## [Saved entries]
lemma convex_fun_on_sup_conv_plus_norm:
  assumes "0 < \<epsilon>" and convex: "\<And>x. x \<in> U \<Longrightarrow> convex_fun_on V (\<lambda>y. f x y)"
  shows "convex_fun_on (U \<times> V) (\<lambda>(x,y). sup_conv \<epsilon> U f x y + (norm x)^2 / (2 * \<epsilon>))"
  unfolding convex_fun_on_def
proof (intro ballI impI)
  fix a b t assume a: "a \<in> U \<times> V" and b: "b \<in> U \<times> V" and t: "t \<in> {0..1::real}"
    and seg: "closed_segment a b \<subseteq> U \<times> V"
  obtain a1 a2 b1 b2 where ab: "a = (a1, a2)" "b = (b1, b2)" by fastforce
  define c1 where "c1 = (1 - t) *\<^sub>R a1 + t *\<^sub>R b1"
  define c2 where "c2 = (1 - t) *\<^sub>R a2 + t *\<^sub>R b2"
  have c: "(1 - t) *\<^sub>R a + t *\<^sub>R b = (c1, c2)" by (simp add: ab c1_def c2_def)
  have "closed_segment a2 b2 = snd ` closed_segment a b"
    using closed_segment_linear_image[OF linear_snd, of a b] ab by simp
  then have seg2: "closed_segment a2 b2 \<subseteq> V" using seg by auto
  have a2: "a2 \<in> V" and b2: "b2 \<in> V" and "U \<noteq> {}" using a b ab by auto
  let ?H = "\<lambda>x y. sup_conv \<epsilon> U f x y + (norm x)^2 / (2 * \<epsilon>)"
  have "sup_conv \<epsilon> U f c1 c2 \<le> (1 - t) * ?H a1 a2 + t * ?H b1 b2 - (norm c1)^2 / (2 * \<epsilon>)"
  proof (rule sup_conv_le[OF \<open>U \<noteq> {}\<close>])
    fix z assume z: "z \<in> U"
    have "f z c2 \<le> (1 - t) * f z a2 + t * f z b2"
      using convex[OF z] a2 b2 seg2 t unfolding convex_fun_on_def c2_def by blast
    moreover have "((norm c1)^2 - (norm (z - c1))^2) / (2 * \<epsilon>)
       = (1 - t) * (((norm a1)^2 - (norm (z - a1))^2) / (2 * \<epsilon>))
         + t * (((norm b1)^2 - (norm (z - b1))^2) / (2 * \<epsilon>))"
      unfolding c1_def affine_norm_sq_minus_dist_sq using assms(1) by (simp add: field_simps)
    moreover have "(1 - t) * (f z a2 - (norm (z - a1))^2 / (2 * \<epsilon>)) \<le> (1 - t) * sup_conv \<epsilon> U f a1 a2"
      using sup_conv_ge[OF assms(1) a2 z] t by (intro mult_left_mono) auto
    moreover have "t * (f z b2 - (norm (z - b1))^2 / (2 * \<epsilon>)) \<le> t * sup_conv \<epsilon> U f b1 b2"
      using sup_conv_ge[OF assms(1) b2 z] t by (intro mult_left_mono) auto
    ultimately show "f z c2 - (norm (z - c1))^2 / (2 * \<epsilon>)
        \<le> (1 - t) * ?H a1 a2 + t * ?H b1 b2 - (norm c1)^2 / (2 * \<epsilon>)"
      by (simp add: algebra_simps add_divide_distrib diff_divide_distrib)
  qed
  then show "(\<lambda>(x, y). ?H x y) ((1 - t) *\<^sub>R a + t *\<^sub>R b)
      \<le> (1 - t) * (\<lambda>(x, y). ?H x y) a + t * (\<lambda>(x, y). ?H x y) b"
    using c ab by simp
qed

## [Directions for this task]
From the opening line of the data above through the line that contains "a2 b2 = snd", please print each line as it stands and only those lines.

## [Worked solution]
lemma convex_fun_on_sup_conv_plus_norm:
  assumes "0 < \<epsilon>" and convex: "\<And>x. x \<in> U \<Longrightarrow> convex_fun_on V (\<lambda>y. f x y)"
  shows "convex_fun_on (U \<times> V) (\<lambda>(x,y). sup_conv \<epsilon> U f x y + (norm x)^2 / (2 * \<epsilon>))"
  unfolding convex_fun_on_def
proof (intro ballI impI)
  fix a b t assume a: "a \<in> U \<times> V" and b: "b \<in> U \<times> V" and t: "t \<in> {0..1::real}"
    and seg: "closed_segment a b \<subseteq> U \<times> V"
  obtain a1 a2 b1 b2 where ab: "a = (a1, a2)" "b = (b1, b2)" by fastforce
  define c1 where "c1 = (1 - t) *\<^sub>R a1 + t *\<^sub>R b1"
  define c2 where "c2 = (1 - t) *\<^sub>R a2 + t *\<^sub>R b2"
  have c: "(1 - t) *\<^sub>R a + t *\<^sub>R b = (c1, c2)" by (simp add: ab c1_def c2_def)
  have "closed_segment a2 b2 = snd ` closed_segment a b"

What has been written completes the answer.